PSICOLOGÍA DEL ESPÍRITU
“El arte de la vida consiste en hacer de la vida una obra de arte”
GANDHI
Gracias a los avances de la ciencia, el ser humano aumenta de forma continua sus expectativas sobre la edad que puede alcanzar a vivir.Impresionan los datos: en 1800 el promedio de vida en el mundo no llegaba a cuarenta años, ahora, uno de cada dos niños que nace llegará a ser centenario. Y esto, para entenderlo debidamente, hay que colocarlo en el contexto del crecimiento de la población en el planeta.
En 2023 pasamos de 8000 millones de habitantes y en apenas tres décadas se alcanzará la cifra de diez billones.

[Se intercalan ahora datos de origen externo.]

lemma tangent_denominators:
  fixes p q lam a R :: real
  assumes "0 < a" "a < 1" "2 \<le> R"
    and rel: "(p * q - lam) * (R\<^sup>2 - 2 * R) = 4 * lam * a * (1 - a)"
  defines "X \<equiv> 1 - 2 * (1 - a) / R" and "Y \<equiv> 1 - 2 * a / R"
  shows "0 < X" "0 < Y" "X + Y \<le> 2" "lam * (X * Y) = p * q * (X + Y - 1)"
    and "(1 - a) + a * (X + Y - 1) = Y" "a + (1 - a) * (X + Y - 1) = X"
proof -
  have R: "0 < R" using assms(3) by simp
  show "0 < X" "0 < Y" "X + Y \<le> 2" unfolding X_def Y_def using assms(1-3) by (simp_all add: field_simps)
  have XY: "X * Y * R\<^sup>2 = R\<^sup>2 - 2 * R + 4 * a * (1 - a)"
    and X_Y: "(X + Y - 1) * R\<^sup>2 = R\<^sup>2 - 2 * R"
    unfolding X_def Y_def using R by (simp_all add: field_simps power2_eq_square)
  have "lam * (X * Y) * R\<^sup>2 = lam * (R\<^sup>2 - 2 * R + 4 * a * (1 - a))"
    using XY by (simp add: mult.assoc)
  also have "\<dots> = p * q * (R\<^sup>2 - 2 * R)" using rel by (simp add: algebra_simps)
  also have "\<dots> = p * q * (X + Y - 1) * R\<^sup>2" using X_Y by (simp add: mult.assoc)
  finally show "lam * (X * Y) = p * q * (X + Y - 1)" using R by simp
  have lin: "a * X - (1 - a) * Y = 2 * a - 1"
    unfolding X_def Y_def using R by (simp add: field_simps)
  have "(1 - a) + a * (X + Y - 1) - Y = (a * X - (1 - a) * Y) - (2 * a - 1)"
    and "a + (1 - a) * (X + Y - 1) - X = (2 * a - 1) - (a * X - (1 - a) * Y)"
    by (simp_all add: algebra_simps)
  then show "(1 - a) + a * (X + Y - 1) = Y" "a + (1 - a) * (X + Y - 1) = X"
    unfolding lin by simp_all
qed

lemma tangent_point:
  fixes p q lam a R :: real
  assumes "0 < p" "0 < q" "0 < a" "a < 1" "2 \<le> R"
    and rel: "(p * q - lam) * (R\<^sup>2 - 2 * R) = 4 * lam * a * (1 - a)"
  defines "\<alpha> \<equiv> q / (1 - 2 * (1 - a) / R)" and "\<beta> \<equiv> p / (1 - 2 * a / R)"
  shows "0 < \<alpha>" "0 < \<beta>" "lam \<le> \<alpha> * \<beta>"
    and "(1 - a) * \<beta> + a * (lam / \<alpha>) = p"
    and "a * \<beta> + (1 - a) * (lam / \<alpha>) = q * (\<beta> / \<alpha>)"
proof -
  define X Y where "X = 1 - 2 * (1 - a) / R" and "Y = 1 - 2 * a / R"
  note den = tangent_denominators[OF assms(3-5) rel, folded X_def Y_def]
  have \<alpha>: "\<alpha> = q / X" and \<beta>: "\<beta> = p / Y" unfolding \<alpha>_def \<beta>_def X_def Y_def by simp_all
  show "0 < \<alpha>" "0 < \<beta>" unfolding \<alpha> \<beta> using den(1,2) assms(1,2) by simp_all
  have "lam * (X * Y) \<le> p * q"
    unfolding den(4) using den(3) assms(1,2) by (simp add: mult_le_cancel_left1)
  then show "lam \<le> \<alpha> * \<beta>" unfolding \<alpha> \<beta> using den(1,2) by (simp add: field_simps)
  have "(1 - a) * \<beta> + a * (lam / \<alpha>) = ((1 - a) * (p * q) + a * (lam * (X * Y))) / (q * Y)"
    unfolding \<alpha> \<beta> using den(1,2) assms(2) by (simp add: field_simps)
  also have "\<dots> = p * q * ((1 - a) + a * (X + Y - 1)) / (q * Y)"
    unfolding den(4) by (simp add: algebra_simps)
  also have "\<dots> = p" unfolding den(5) using den(2) assms(2) by simp
  finally show "(1 - a) * \<beta> + a * (lam / \<alpha>) = p" .
  have "a * \<beta> + (1 - a) * (lam / \<alpha>) = (a * (p * q) + (1 - a) * (lam * (X * Y))) / (q * Y)"
    unfolding \<alpha> \<beta> using den(1,2) assms(2) by (simp add: field_simps)
  also have "\<dots> = p * q * (a + (1 - a) * (X + Y - 1)) / (q * Y)"
    unfolding den(4) by (simp add: algebra_simps)
  also have "\<dots> = q * (\<beta> / \<alpha>)" unfolding den(6) \<alpha> \<beta> using den(1,2) assms(2) by (simp add: field_simps)
  finally show "a * \<beta> + (1 - a) * (lam / \<alpha>) = q * (\<beta> / \<alpha>)" .
qed

definition rate_Delta :: "real \<Rightarrow> real \<Rightarrow> real \<Rightarrow> real" where
  "rate_Delta lam \<mu> a = 1 + 4 * lam * a * (1 - a) / (\<mu> * (1 - \<mu>) * (1 - lam)\<^sup>2)"

(* For a = mu + eps the bound B of the theorem is (rate_alpha^a rate_beta^(1-a))^n; rate_beta is
   theta at the optimal tilt t* = ln (rate_beta / rate_alpha). *)
definition rate_alpha :: "real \<Rightarrow> real \<Rightarrow> real \<Rightarrow> real" where
  "rate_alpha lam \<mu> a = (\<mu> + lam * (1 - \<mu>)) / (1 - 2 * (1 - a) / (sqrt (rate_Delta lam \<mu> a) + 1))"

definition rate_beta :: "real \<Rightarrow> real \<Rightarrow> real \<Rightarrow> real" where
  "rate_beta lam \<mu> a = (1 - \<mu> + lam * \<mu>) / (1 - 2 * a / (sqrt (rate_Delta lam \<mu> a) + 1))"

lemma rate_Delta_ge_1:
  assumes "0 < \<mu>" "\<mu> < 1" "0 \<le> lam" "lam < 1" "0 \<le> a" "a \<le> 1"
  shows "1 \<le> rate_Delta lam \<mu> a"
  unfolding rate_Delta_def using assms by simp

lemma rate_Delta_relation:
  assumes "0 < \<mu>" "\<mu> < 1" "0 \<le> lam" "lam < 1" "0 \<le> a" "a \<le> 1"
  defines "R \<equiv> sqrt (rate_Delta lam \<mu> a) + 1"
  shows "2 \<le> R"
    and "((1 - \<mu> + lam * \<mu>) * (\<mu> + lam * (1 - \<mu>)) - lam) * (R\<^sup>2 - 2 * R) = 4 * lam * a * (1 - a)"
proof -
  have Delta: "1 \<le> rate_Delta lam \<mu> a" by (rule rate_Delta_ge_1[OF assms(1-6)])
  then show "2 \<le> R" unfolding R_def by simp
  have "R\<^sup>2 - 2 * R = rate_Delta lam \<mu> a - 1"
    unfolding R_def using Delta by (simp add: power2_eq_square algebra_simps)
  then show "((1 - \<mu> + lam * \<mu>) * (\<mu> + lam * (1 - \<mu>)) - lam) * (R\<^sup>2 - 2 * R) = 4 * lam * a * (1 - a)"
    unfolding diag_product_minus_lam rate_Delta_def using assms(1-4) by simp
qed

lemma rate_tangent_point:
  assumes "0 < \<mu>" "\<mu> < 1" "0 \<le> lam" "lam < 1" "0 < a" "a < 1"
  defines "\<alpha> \<equiv> rate_alpha lam \<mu> a" and "\<beta> \<equiv> rate_beta lam \<mu> a"
  shows "0 < \<alpha>" "0 < \<beta>" "lam \<le> \<alpha> * \<beta>"
    and "(1 - a) * \<beta> + a * (lam / \<alpha>) = 1 - \<mu> + lam * \<mu>"
    and "a * \<beta> + (1 - a) * (lam / \<alpha>) = (\<mu> + lam * (1 - \<mu>)) * (\<beta> / \<alpha>)"
proof -
  have "0 < lam * \<mu> + (1 - \<mu>)" "0 < lam * (1 - \<mu>) + \<mu>"
    using assms(1-4) by (simp_all add: add_nonneg_pos)
  then have "0 < 1 - \<mu> + lam * \<mu>" "0 < \<mu> + lam * (1 - \<mu>)" by (simp_all add: algebra_simps)
  note tangent = tangent_point[OF this assms(5,6) rate_Delta_relation[OF assms(1-4)]]
  show "0 < \<alpha>" "0 < \<beta>" "lam \<le> \<alpha> * \<beta>"
    "(1 - a) * \<beta> + a * (lam / \<alpha>) = 1 - \<mu> + lam * \<mu>"
    "a * \<beta> + (1 - a) * (lam / \<alpha>) = (\<mu> + lam * (1 - \<mu>)) * (\<beta> / \<alpha>)"
    using tangent assms(5,6) unfolding \<alpha>_def \<beta>_def rate_alpha_def rate_beta_def by simp_all
qed

lemma rate_Delta_self:
  assumes "0 < \<mu>" "\<mu> < 1" "lam < 1"
  shows "rate_Delta lam \<mu> \<mu> = ((1 + lam) / (1 - lam))\<^sup>2"
proof -
  have nz: "\<mu> \<noteq> 0" "1 - \<mu> \<noteq> 0" "1 - lam \<noteq> 0" using assms by simp_all
  have "(1 + lam)\<^sup>2 = (1 - lam)\<^sup>2 + 4 * lam" by (simp add: power2_eq_square algebra_simps)
  then have "((1 + lam) / (1 - lam))\<^sup>2 = 1 + 4 * lam / (1 - lam)\<^sup>2"
    unfolding power_divide using nz by (simp add: add_divide_distrib)
  also have "4 * lam / (1 - lam)\<^sup>2 = 4 * lam * \<mu> * (1 - \<mu>) / (\<mu> * (1 - \<mu>) * (1 - lam)\<^sup>2)"
    using nz by (simp add: field_simps)
  finally show ?thesis unfolding rate_Delta_def by simp
qed

lemma rate_Delta_mono:
  assumes "0 \<le> \<mu>" "\<mu> \<le> 1" "0 \<le> lam" and "a * (1 - a) \<le> b * (1 - b)"
  shows "rate_Delta lam \<mu> a \<le> rate_Delta lam \<mu> b"
proof -
  have "4 * lam * (a * (1 - a)) \<le> 4 * lam * (b * (1 - b))"
    using assms(3,4) by (simp add: mult_left_mono)
  then show ?thesis
    unfolding rate_Delta_def using assms(1-3) by (simp add: divide_right_mono mult.assoc)
qed

lemma sqrt_rate_Delta_compare:
  assumes "0 < \<mu>" "\<mu> < a" "a < 1" "0 \<le> lam" "lam < 1" and "\<not> (\<mu> \<le> 1 / 2 \<and> 1 / 2 \<le> a)"
  shows "(2 * \<mu> - 1) * sqrt (rate_Delta lam \<mu> a) \<le> (2 * \<mu> - 1) * ((1 + lam) / (1 - lam))"
proof -
  have \<mu>: "0 \<le> \<mu>" "\<mu> \<le> 1" using assms by simp_all
  have s: "sqrt (rate_Delta lam \<mu> \<mu>) = (1 + lam) / (1 - lam)"
    using rate_Delta_self[of \<mu> lam] assms by simp
  have gap: "a * (1 - a) - \<mu> * (1 - \<mu>) = (a - \<mu>) * (1 - a - \<mu>)" by (simp add: algebra_simps)
  show ?thesis
  proof (cases "1 / 2 < \<mu>")
    case True
    then have "a * (1 - a) \<le> \<mu> * (1 - \<mu>)"
      using gap assms(2) mult_nonneg_nonpos[of "a - \<mu>" "1 - a - \<mu>"] by linarith
    then have "sqrt (rate_Delta lam \<mu> a) \<le> (1 + lam) / (1 - lam)"
      unfolding s[symmetric] using rate_Delta_mono[OF \<mu> assms(4)] by simp
    then show ?thesis using True by (intro mult_left_mono) auto
  next
    case False
    with assms(6) have "a < 1 / 2" by linarith
    then have "\<mu> * (1 - \<mu>) \<le> a * (1 - a)"
      using gap assms(2) mult_nonneg_nonneg[of "a - \<mu>" "1 - a - \<mu>"] by linarith
    then have "(1 + lam) / (1 - lam) \<le> sqrt (rate_Delta lam \<mu> a)"
      unfolding s[symmetric] using rate_Delta_mono[OF \<mu> assms(4)] by simp
    then show ?thesis using False by (intro mult_left_mono_neg) auto
  qed
qed

lemma drift_sqrt_rate_Delta_le:
  assumes "0 < \<mu>" "\<mu> < a" "a < 1" "0 \<le> lam" "lam < 1"
  shows "(1 - lam) * (2 * \<mu> - 1) * sqrt (rate_Delta lam \<mu> a) \<le> (1 + lam) * (2 * a - 1)"
proof (cases "\<mu> \<le> 1 / 2 \<and> 1 / 2 \<le> a")
  case True
  then have "(1 - lam) * (2 * \<mu> - 1) \<le> 0" using assms(5) by (simp add: mult_nonneg_nonpos)
  then have "(1 - lam) * (2 * \<mu> - 1) * sqrt (rate_Delta lam \<mu> a) \<le> 0"
    by (rule mult_nonpos_nonneg) (use rate_Delta_ge_1[of \<mu> lam a] assms in simp)
  also have "0 \<le> (1 + lam) * (2 * a - 1)" using True assms(4) by simp
  finally show ?thesis .
next
  case False
  have "(1 - lam) * ((2 * \<mu> - 1) * sqrt (rate_Delta lam \<mu> a))
      \<le> (1 - lam) * ((2 * \<mu> - 1) * ((1 + lam) / (1 - lam)))"
    using sqrt_rate_Delta_compare[OF assms False] by (rule mult_left_mono) (use assms(5) in simp)
  also have "\<dots> = (1 + lam) * (2 * \<mu> - 1)" using assms(5) by simp
  also have "\<dots> \<le> (1 + lam) * (2 * a - 1)" using assms(2,4) by simp
  finally show ?thesis by (simp add: mult.assoc)
qed

(* The optimal tilt is nonnegative, as Markov's inequality requires. *)
lemma rate_ratio_ge_1:
  assumes "0 < \<mu>" "\<mu> < a" "a < 1" "0 \<le> lam" "lam < 1"
  shows "1 \<le> rate_beta lam \<mu> a / rate_alpha lam \<mu> a"
proof -
  define p q R where "p = 1 - \<mu> + lam * \<mu>" and "q = \<mu> + lam * (1 - \<mu>)"
    and "R = sqrt (rate_Delta lam \<mu> a) + 1"
  define X Y where "X = 1 - 2 * (1 - a) / R" and "Y = 1 - 2 * a / R"
  have "0 < \<mu>" "\<mu> < 1" "0 \<le> a" "a \<le> 1" "0 < a" using assms by simp_all
  note rel = rate_Delta_relation[OF this(1,2) assms(4,5) this(3,4), folded p_def q_def R_def]
  note den = tangent_denominators[OF \<open>0 < a\<close> assms(3) rel, folded X_def Y_def]
  have \<alpha>: "rate_alpha lam \<mu> a = q / X" and \<beta>: "rate_beta lam \<mu> a = p / Y"
    unfolding rate_alpha_def rate_beta_def p_def q_def X_def Y_def R_def by simp_all
  have "0 < p" "0 < q" unfolding p_def q_def using assms by (simp_all add: add_pos_nonneg)
  have "p * X - q * Y = ((1 + lam) * (2 * a - 1) - (1 - lam) * (2 * \<mu> - 1) * (R - 1)) / R"
    unfolding p_def q_def X_def Y_def using rel(1) by (simp add: field_simps)
  also have "\<dots> \<ge> 0"
    using drift_sqrt_rate_Delta_le[OF assms] rel(1) unfolding R_def by simp
  finally show ?thesis
    unfolding \<alpha> \<beta> using den(1,2) \<open>0 < p\<close> \<open>0 < q\<close> by (simp add: field_simps)
qed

Semejante incremento trae consigo consecuencias de todo orden, demográficas, económicas, sociales, políticas, sanitarias, educacionales y, no menos importantes, las de naturaleza psicológica o espiritual.

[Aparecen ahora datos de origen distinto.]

(* Let $k\ge 0$ be an integer. Let $G_k$ be the tree with vertex set $\{r,s\}\cup\bigcup_{i=1}^k\{y^{(i)},x^{(i)},w^{(i)},v^{(i)},u^{(i)}\}$ and edge set $\{rs\}\cup\bigcup_{i=1}^k\{sy^{(i)},\,y^{(i)}x^{(i)},\,x^{(i)}w^{(i)},\,w^{(i)}v^{(i)},\,v^{(i)}u^{(i)}\}$ (so $s$ carries a pendant vertex $r$ and $k$ pendant paths on $5$ vertices). Let $H_k$ be obtained from $G_k$ by adding three new vertices $u,v,w$ and edges $uv,vw,ws$. Then $\gamma(G_k)=2k+1$ and $\Gamma(G_k)=5^k+3^k$, while $\gamma(H_k)=2k+2$ and $\Gamma(H_k)=2\cdot 5^k+3^k$.
   Context: For a graph $G$, a set $D\subseteq V(G)$ is dominating if every vertex of $G$ lies in $D$ or has a neighbour in $D$. The domination number $\gamma(G)$ is the minimum size of a dominating set; $\Gamma(G)$ denotes the number of dominating sets of $G$ of size $\gamma(G)$. *)

theory Defs
  imports Main
begin

definition adj :: "('a \<times> 'a) set \<Rightarrow> 'a \<Rightarrow> 'a \<Rightarrow> bool" where
  "adj Es x y \<longleftrightarrow> (x, y) \<in> Es \<or> (y, x) \<in> Es"

definition dominating :: "'a set \<Rightarrow> ('a \<times> 'a) set \<Rightarrow> 'a set \<Rightarrow> bool" where
  "dominating V Es D \<longleftrightarrow> D \<subseteq> V \<and> (\<forall>x\<in>V. x \<in> D \<or> (\<exists>y\<in>D. adj Es x y))"

definition domination_number :: "'a set \<Rightarrow> ('a \<times> 'a) set \<Rightarrow> nat" where
  "domination_number V Es = (LEAST n. \<exists>D. dominating V Es D \<and> card D = n)"

definition num_min_dom_sets :: "'a set \<Rightarrow> ('a \<times> 'a) set \<Rightarrow> nat" where
  "num_min_dom_sets V Es =
     card {D. dominating V Es D \<and> card D = domination_number V Es}"

datatype vtx = R | S | Y nat | X nat | W nat | V nat | U nat | Uh | Vh | Wh

definition G_verts :: "nat \<Rightarrow> vtx set" where
  "G_verts k = {R, S} \<union> (\<Union>i\<in>{1..k}. {Y i, X i, W i, V i, U i})"

definition G_edges :: "nat \<Rightarrow> (vtx \<times> vtx) set" where
  "G_edges k = {(R, S)} \<union>
     (\<Union>i\<in>{1..k}. {(S, Y i), (Y i, X i), (X i, W i), (W i, V i), (V i, U i)})"

definition H_verts :: "nat \<Rightarrow> vtx set" where
  "H_verts k = G_verts k \<union> {Uh, Vh, Wh}"

definition H_edges :: "nat \<Rightarrow> (vtx \<times> vtx) set" where
  "H_edges k = G_edges k \<union> {(Uh, Vh), (Vh, Wh), (Wh, S)}"

end

theory Submission
  imports Defs "HOL-Library.FuncSet" "HOL-Library.Disjoint_Sets"
begin

text \<open>A dominating set splits into its part in the hub \<open>{r, s, u, v, w}\<close> and its parts in the
  \<open>k\<close> pendant paths \<open>y x w v u\<close>. Each path needs two vertices of the set, one of \<open>u, v\<close> and
  one of \<open>w, x, y\<close>; there are exactly 5 admissible pairs when \<open>s\<close> is in the set and 3 when it
  is not, since then \<open>y\<close> must be dominated from inside its path. The hub needs one vertex in
  \<open>G\<^sub>k\<close> (\<open>{s}\<close> or \<open>{r}\<close>) and two in \<open>H\<^sub>k\<close> (\<open>{s, u}\<close>, \<open>{s, v}\<close> or \<open>{r, v}\<close>). The choices
  in different parts are independent once the hub part is fixed, so \<open>\<gamma> = m + 2k\<close> and
  \<open>\<Gamma>\<close> is the sum of \<open>5\<^sup>k\<close> or \<open>3\<^sup>k\<close> over the minimum hub parts.\<close>

lemma two_le_card_if_distinct:
  "finite C \<Longrightarrow> a \<in> C \<Longrightarrow> b \<in> C \<Longrightarrow> a \<noteq> b \<Longrightarrow> 2 \<le> card C"
  by (metis card_2_iff card_mono empty_subsetI insert_subset)

lemma eq_doubleton_if_card_eq_2:
  assumes "card C = 2" "a \<in> C" "b \<in> C" "a \<noteq> b"
  shows "C = {a, b}"
proof (rule card_subset_eq[symmetric])
  show "finite C" using assms(1) by (simp add: card_ge_0_finite)
qed (use assms in auto)

lemma card_block_decomposition:
  assumes "finite C" "\<And>i. i \<in> I \<Longrightarrow> finite (B i)" "finite I" "disjoint_family_on B I"
    and "C \<inter> (\<Union>i\<in>I. B i) = {}" "D \<subseteq> C \<union> (\<Union>i\<in>I. B i)"
  shows "card D = card (D \<inter> C) + (\<Sum>i\<in>I. card (D \<inter> B i))"
proof -
  have "D = (D \<inter> C) \<union> (\<Union>i\<in>I. D \<inter> B i)" using assms(6) by blast
  moreover have "card (\<Union>i\<in>I. D \<inter> B i) = (\<Sum>i\<in>I. card (D \<inter> B i))"
    using assms(2-4) by (intro card_UN_disjoint) (auto simp: disjoint_family_on_def)
  moreover have "(D \<inter> C) \<inter> (\<Union>i\<in>I. D \<inter> B i) = {}" using assms(5) by blast
  ultimately show ?thesis
    using assms(1-3) by (metis card_Un_disjoint finite_Int finite_UN)
qed

lemma card_block_assembled_sets:
  assumes "finite C" "\<And>i. i \<in> I \<Longrightarrow> finite (B i)" "finite I" "disjoint_family_on B I"
    and "C \<inter> (\<Union>i\<in>I. B i) = {}" "K \<subseteq> Pow C"
    and "\<And>c i. c \<in> K \<Longrightarrow> i \<in> I \<Longrightarrow> Q c i \<subseteq> Pow (B i)"
  shows "card {D. D \<subseteq> C \<union> (\<Union>i\<in>I. B i) \<and> D \<inter> C \<in> K \<and> (\<forall>i\<in>I. D \<inter> B i \<in> Q (D \<inter> C) i)}
    = (\<Sum>c\<in>K. \<Prod>i\<in>I. card (Q c i))"
proof -
  let ?F = "{D. D \<subseteq> C \<union> (\<Union>i\<in>I. B i) \<and> D \<inter> C \<in> K \<and> (\<forall>i\<in>I. D \<inter> B i \<in> Q (D \<inter> C) i)}"
  let ?split = "\<lambda>D. (D \<inter> C, restrict (\<lambda>i. D \<inter> B i) I)"
  let ?join = "\<lambda>c f. c \<union> (\<Union>i\<in>I. f i)"
  have join_C: "?join c f \<inter> C = c"
    and join_B: "\<And>i. i \<in> I \<Longrightarrow> ?join c f \<inter> B i = f i"
    and join_sub: "?join c f \<subseteq> C \<union> (\<Union>i\<in>I. B i)"
    if cf: "c \<in> K" "f \<in> PiE I (Q c)" for c f
  proof -
    have c: "c \<subseteq> C" using cf(1) assms(6) by blast
    have f: "\<And>i. i \<in> I \<Longrightarrow> f i \<subseteq> B i" using cf assms(7) by (metis PiE_mem PowD subsetD)
    show "?join c f \<inter> C = c" using c f assms(5) by blast
    show "?join c f \<subseteq> C \<union> (\<Union>i\<in>I. B i)" using c f by blast
    fix i assume i: "i \<in> I"
    have "\<And>j. j \<in> I \<Longrightarrow> j \<noteq> i \<Longrightarrow> f j \<inter> B i = {}"
      using f i assms(4) unfolding disjoint_family_on_def by blast
    moreover have "c \<inter> B i = {}" using c i assms(5) by blast
    ultimately show "?join c f \<inter> B i = f i" using f[OF i] i by blast
  qed
  have "bij_betw ?split ?F (SIGMA c:K. PiE I (Q c))"
  proof (rule bij_betw_byWitness[where f' = "case_prod ?join"])
    show "\<forall>D\<in>?F. case_prod ?join (?split D) = D" by auto
    show "?split ` ?F \<subseteq> (SIGMA c:K. PiE I (Q c))" by auto
    show "\<forall>cf\<in>(SIGMA c:K. PiE I (Q c)). ?split (case_prod ?join cf) = cf"
    proof (intro ballI)
      fix cf assume "cf \<in> (SIGMA c:K. PiE I (Q c))"
      then obtain c f where cf: "cf = (c, f)" "c \<in> K" "f \<in> PiE I (Q c)" by blast
      have "restrict (\<lambda>i. ?join c f \<inter> B i) I = restrict f I"
        using join_B[OF cf(2,3)] by (intro restrict_ext) simp
      then show "?split (case_prod ?join cf) = cf"
        using cf join_C[OF cf(2,3)] PiE_restrict[OF cf(3)] by simp
    qed
    show "case_prod ?join ` (SIGMA c:K. PiE I (Q c)) \<subseteq> ?F"
    proof
      fix D assume "D \<in> case_prod ?join ` (SIGMA c:K. PiE I (Q c))"
      then obtain cf where D: "D = case_prod ?join cf" and "cf \<in> (SIGMA c:K. PiE I (Q c))"
        by (rule imageE)
      then obtain c f where "cf = (c, f)" and cf: "c \<in> K" "f \<in> PiE I (Q c)" by blast
      then have "D = ?join c f" using D by simp
      then show "D \<in> ?F" using cf join_C[OF cf] join_B[OF cf] join_sub[OF cf] by auto
    qed
  qed
  then have "card ?F = card (SIGMA c:K. PiE I (Q c))" by (rule bij_betw_same_card)
  also have "\<dots> = (\<Sum>c\<in>K. card (PiE I (Q c)))"
  proof (rule card_SigmaI)
    show "finite K" using assms(1,6) finite_subset by blast
    have "finite (Q c i)" if "c \<in> K" "i \<in> I" for c i
      using assms(2,7) that by (meson finite_Pow_iff finite_subset)
    then show "\<forall>c\<in>K. finite (PiE I (Q c))" using assms(3) by (simp add: finite_PiE)
  qed
  finally show ?thesis using assms(3) by (simp add: card_PiE)
qed

definition hub :: "vtx set" where
  "hub = {R, S, Uh, Vh, Wh}"

definition branch :: "nat \<Rightarrow> vtx set" where
  "branch i = {Y i, X i, W i, V i, U i}"

lemma S_in_hub [simp]: "S \<in> hub"
  by (simp add: hub_def)

lemma finite_hub [simp]: "finite hub"
  by (simp add: hub_def)

lemma finite_branch [simp]: "finite (branch i)"
  by (simp add: branch_def)

lemma disjoint_family_branch: "disjoint_family_on branch I"
  by (auto simp: disjoint_family_on_def branch_def)

lemma hub_Int_branches: "hub \<inter> (\<Union>i\<in>I. branch i) = {}"
  by (auto simp: hub_def branch_def)

text \<open>The closed neighbourhood of every vertex of branch \<open>i\<close> meets \<open>D\<close>; the flag \<open>s\<close>
  stands for \<open>S \<in> D\<close>, \<open>S\<close> being the only neighbour of the branch outside it.\<close>
definition branch_dominated :: "bool \<Rightarrow> nat \<Rightarrow> vtx set \<Rightarrow> bool" where
  "branch_dominated s i D \<longleftrightarrow>
     (U i \<in> D \<or> V i \<in> D) \<and> (U i \<in> D \<or> V i \<in> D \<or> W i \<in> D) \<and> (V i \<in> D \<or> W i \<in> D \<or> X i \<in> D)
     \<and> (W i \<in> D \<or> X i \<in> D \<or> Y i \<in> D) \<and> (X i \<in> D \<or> Y i \<in> D \<or> s)"

definition min_branch_sets :: "bool \<Rightarrow> nat \<Rightarrow> vtx set set" where
  "min_branch_sets s i = {P. P \<subseteq> branch i \<and> card P = 2 \<and> branch_dominated s i P}"

lemma branch_dominated_Int_branch:
  "branch_dominated s i (D \<inter> branch i) \<longleftrightarrow> branch_dominated s i D"
  by (simp add: branch_dominated_def branch_def)

lemma two_le_card_branch:
  assumes "branch_dominated s i D"
  shows "2 \<le> card (D \<inter> branch i)"
proof -
  obtain a where "a \<in> {U i, V i}" "a \<in> D" using assms by (auto simp: branch_dominated_def)
  moreover obtain b where "b \<in> {W i, X i, Y i}" "b \<in> D" using assms by (auto simp: branch_dominated_def)
  ultimately show ?thesis
    by (intro two_le_card_if_distinct[of _ a b]) (auto simp: branch_def)
qed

Por estos números y otros que ofrecen los estudios sobre las poblaciones, se puede asegurar que la vejez ya no es un período limitado y breve reservado a una franja minoritaria de la sociedad, sino que constituye un largo y completo estadio en el camino de la vida, aunque no por ello deba tenerse como un objetivo en sí mismo el solo hecho de permanecer más tiempo en la tierra, puesto que lo realmente significativo y hermoso es hacer todo lo posible para vivir muchos años a plenitud.
Una expresión de uso frecuente refleja muy bien esta idea: “No se trata de darle más años a tu vida, sino de darle más vida a tus años”.
Posiblemente fuera este el mensaje que quisieron trasmitir los griegos antiguos cuando crearon el mito de la inmortalidad sin lozanía protagonizado por el joven Titono, para quien Eos, su amante, consiguió de los dioses la vida eterna, pero olvidó pedirles que siempre le acompañaran la belleza y el vigor, condenándolo a marchitarse interminablemente.
En verdad, ejercitar el arte de vivir implica aprender a envejecer y esto se consigue cuando nos aceptamos como somos y de la edad que somos con total naturalidad, y nos disponemos sobre esa base a disfrutar de la vida con buen ánimo, alegría y entusiasmo.
Vale la pena recordar que en su escuela de Crotona el sabio Pitágoras enseñaba a sus discípulos el arte de vivir la vejez diciéndoles que “una bella ancianidad es la recompensa de una bella vida”.
La edad no puede ni debe ser criterio de exclusión.